Like the scRNA-seq module, the annotated output of the scIntegration module can be used for cell type/phenotype deconvolution in the spatial transcriptomics module. Upon completion of analysis, users can navigate to the spatial transcriptomics module and employ the single-cell output.

ezSingleCell’s ST module performs clustering, integration, and deconvolution of spatial transcriptomics

In this module, we incorporated Seurat and GraphST for processing and analysis of spatial transcriptomics data. Seurat offers the key functionalities for both data pre-processing and clustering while GraphST performs spatially informed spatial clustering, multi-sample integration, and cell type deconvolution. GraphST is a state-of-the-art graph self-supervised contrastive learning method that achieved top performance in benchmarks against competing methods. The ST module can be used to analyse data acquired from different platforms such as Visium and Xenium from 10x Genomics with the latter offering sub-cellular resolution. Similar to the other modules, users can compute for cluster DEGs (Supplementary Fig. 5D) and pairwise comparison DEGs (Supplementary Fig. 5E) using a variety of statistical tests, and gene set enrichment analysis of spatial data with the ‘fgsea’ package (Supplementary Fig. 5F).

In this demonstration, we analysed a mouse brain sagittal anterior dataset acquired with 10x Genomics Visium and processed with the Space Ranger pipeline v1.1.0 (Supplementary Table 3; Supplementary Dataset 1). We first performed quality control, followed by normalization using SCTransform, selection of top 2000 highly variable genes, and data scaling. Users can first inspect the gene expression values on the tissue slide (Fig. 5A). Next, we performed PCA using the default parameters. For spatial clustering, we applied both Seurat and GraphST. We used the first 10 PCs, k-nearest neighbour value of 10, Louvain clustering resolution of 0.6, followed by dimension reduction with UMAP to visualize the 15 clusters found (Fig. 5B). We also set the number of clusters to 15 for GraphST and observed that the clustering from GraphST was more consistent with the manual annotation (Fig. 5B).

**Fig. 5: ezSingleCell spatial transcriptomics module.**

ezSingleCell also offers the capability to deconvolute or annotate cell types in spatial spots using an annotated single-cell reference. For this purpose, ezSingleCell offers inter-module operability where users can navigate to the single-cell module, load the scRNA-seq dataset, perform data processing and annotation, before returning to the ST module for cell type/phenotype deconvolution. Users can employ the ‘label transfer’ function from Seurat or ‘project_cell_to_spot’ function from GraphST to perform deconvolution, and the results can be interactively visualized (Fig. 5C).

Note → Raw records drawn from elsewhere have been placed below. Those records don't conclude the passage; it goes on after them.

lemma set_integrable_of_bigo_powr:
  fixes f :: "real \<Rightarrow> real" and a b \<gamma> :: real
  assumes "a < b" and \<gamma>: "\<gamma> > -1" and cont: "continuous_on {a<..<b} f"
    and right: "f \<in> O[at_left b](\<lambda>x. (b - x) powr \<gamma>)"
    and left: "f \<in> O[at_right a](\<lambda>x. (x - a) powr \<gamma>)"
  shows "set_integrable lborel {a<..<b} f"
proof -
  obtain c1 where "c1 > 0" and "eventually (\<lambda>x. \<bar>f x\<bar> \<le> c1 * \<bar>(b - x) powr \<gamma>\<bar>) (at_left b)"
    using right by (elim landau_o.bigE) auto
  then obtain b' where "b' < b"
    and near_b: "\<And>x. b' < x \<Longrightarrow> x < b \<Longrightarrow> \<bar>f x\<bar> \<le> c1 * (b - x) powr \<gamma>"
    by (auto simp: eventually_at_left_field)
  obtain c2 where "c2 > 0" and "eventually (\<lambda>x. \<bar>f x\<bar> \<le> c2 * \<bar>(x - a) powr \<gamma>\<bar>) (at_right a)"
    using left by (elim landau_o.bigE) auto
  then obtain a' where "a < a'"
    and near_a: "\<And>x. a < x \<Longrightarrow> x < a' \<Longrightarrow> \<bar>f x\<bar> \<le> c2 * (x - a) powr \<gamma>"
    by (auto simp: eventually_at_right_field)
  define a1 b1 where "a1 = min a' ((a + b) / 2)" and "b1 = max b' ((a + b) / 2)"
  have "continuous_on {a1..b1} f"
    by (rule continuous_on_subset[OF cont])
      (use \<open>a < b\<close> \<open>a < a'\<close> \<open>b' < b\<close>
        in \<open>auto simp: a1_def b1_def min_le_iff_disj le_max_iff_disj field_simps\<close>)
  then obtain M where M: "\<And>x. x \<in> {a1..b1} \<Longrightarrow> \<bar>f x\<bar> \<le> M"
    using continuous_on_compact_bound[OF compact_Icc] by (metis real_norm_def)
  have "(a + b) / 2 \<in> {a1..b1}"
    unfolding a1_def b1_def
    by (intro conjI atLeastAtMost_iff[THEN iffD2] min.cobounded2 max.cobounded2)
  then have "M \<ge> 0"
    using M abs_ge_zero order_trans by blast
  define g where "g x = M + c1 * (b - x) powr \<gamma> + c2 * (x - a) powr \<gamma>" for x
  have bound: "norm (f x) \<le> g x" if x: "x \<in> {a<..<b}" for x
  proof -
    have "c1 * (b - x) powr \<gamma> \<ge> 0" "c2 * (x - a) powr \<gamma> \<ge> 0"
      using \<open>c1 > 0\<close> \<open>c2 > 0\<close> by simp_all
    moreover have "x < a1 \<or> b1 < x \<or> x \<in> {a1..b1}"
      by auto
    ultimately show ?thesis
      using M[of x] near_a[of x] near_b[of x] x \<open>M \<ge> 0\<close> by (auto simp: g_def a1_def b1_def)
  qed
  have "g integrable_on {a..b}"
    unfolding g_def
    by (intro integrable_add integrable_const_ivl integrable_on_mult_right
        integrable_on_diff_powr_right integrable_on_diff_powr_left \<gamma>)
  then have "g integrable_on {a<..<b}"
    by (simp add: integrable_on_Icc_iff_Ioo)
  then have "f absolutely_integrable_on {a<..<b}"
    using continuous_imp_measurable_on_sets_lebesgue[OF cont] bound
    by (intro measurable_bounded_by_integrable_imp_absolutely_integrable) auto
  then show ?thesis
    by (rule set_integrable_lborel_if_absolutely_integrable)
      (rule borel_measurable_continuous_on_indicator[OF _ cont], simp)
qed

lemma H1_0_intervalI:
  fixes v v' :: "real \<Rightarrow> real"
  assumes "a \<le> b" and cont: "continuous_on {a..b} v" and "v a = 0" "v b = 0"
    and deriv: "\<And>x. x \<in> {a<..<b} \<Longrightarrow> (v has_real_derivative v' x) (at x)"
    and cont': "continuous_on {a<..<b} v'"
    and square: "set_integrable lborel {a<..<b} (\<lambda>x. (v' x)\<^sup>2)"
  shows "H1_0_interval v a b"
proof -
  define g where "g = (\<lambda>x. indicator {a<..<b} x * v' x)"
  have g_meas: "g \<in> borel_measurable lborel"
    using borel_measurable_continuous_on_indicator[OF _ cont'] by (simp add: g_def)
  have g_square: "set_integrable lborel {a..b} (\<lambda>x. (g x)\<^sup>2)"
  proof -
    have "(\<lambda>x. indicator {a..b} x *\<^sub>R (g x)\<^sup>2) = (\<lambda>x. indicator {a<..<b} x *\<^sub>R (v' x)\<^sup>2)"
      by (auto simp: g_def indicator_def)
    then show ?thesis
      using square by (simp add: set_integrable_def)
  qed
  have g_int: "set_integrable lborel {a..b} g"
  proof (rule set_integrable_bound[OF set_integral_add(1)[OF _ g_square]])
    show "set_integrable lborel {a..b} (\<lambda>_. 1::real)"
      by (rule borel_integrable_atLeastAtMost') simp
    show "set_borel_measurable lborel {a..b} g"
      using g_meas by (simp add: set_borel_measurable_def)
    have "\<bar>y\<bar> \<le> 1 + y\<^sup>2" for y :: real
    proof (cases "\<bar>y\<bar> \<le> 1")
      case False
      then have "\<bar>y\<bar> * 1 \<le> \<bar>y\<bar> * \<bar>y\<bar>"
        by (intro mult_left_mono) auto
      then show ?thesis
        by (simp add: power2_eq_square abs_mult_self_eq)
    qed (use zero_le_power2[of y] in linarith)
    then show "AE x in lborel. x \<in> {a..b} \<longrightarrow> norm (g x) \<le> norm (1 + (g x)\<^sup>2)"
      by simp
  qed
  have "v x = (LBINT t:{a..x}. g t)" if x: "x \<in> {a..b}" for x
  proof -
    have "(g has_integral v x - v a) {a..x}"
    proof (rule fundamental_theorem_of_calculus_interior)
      show "a \<le> x" "continuous_on {a..x} v"
        using x continuous_on_subset[OF cont] by auto
      show "(v has_vector_derivative g y) (at y)" if "y \<in> {a<..<x}" for y
        using deriv[of y] that x
        by (simp add: g_def has_real_derivative_iff_has_vector_derivative)
    qed
    moreover have "set_integrable lborel {a..x} g"
      by (rule set_integrable_subset[OF g_int]) (use x in auto)
    ultimately show ?thesis
      using \<open>v a = 0\<close> by (simp add: set_borel_integral_eq_integral integral_unique)
  qed
  then show ?thesis
    unfolding H1_0_interval_def using g_int g_square \<open>v b = 0\<close> by blast
qed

ezSingleCell supports analysis of sub-cellular resolution data such as those from the Xenium platform. Users can perform clustering analysis and interactively visualize the expression patterns at the sub-cellular level. In addition, users can zoom in to examine cellular composition and potential inter-cellular interactions. Users can also view the expression profile of each gene on the tissue slice (Fig. 5D).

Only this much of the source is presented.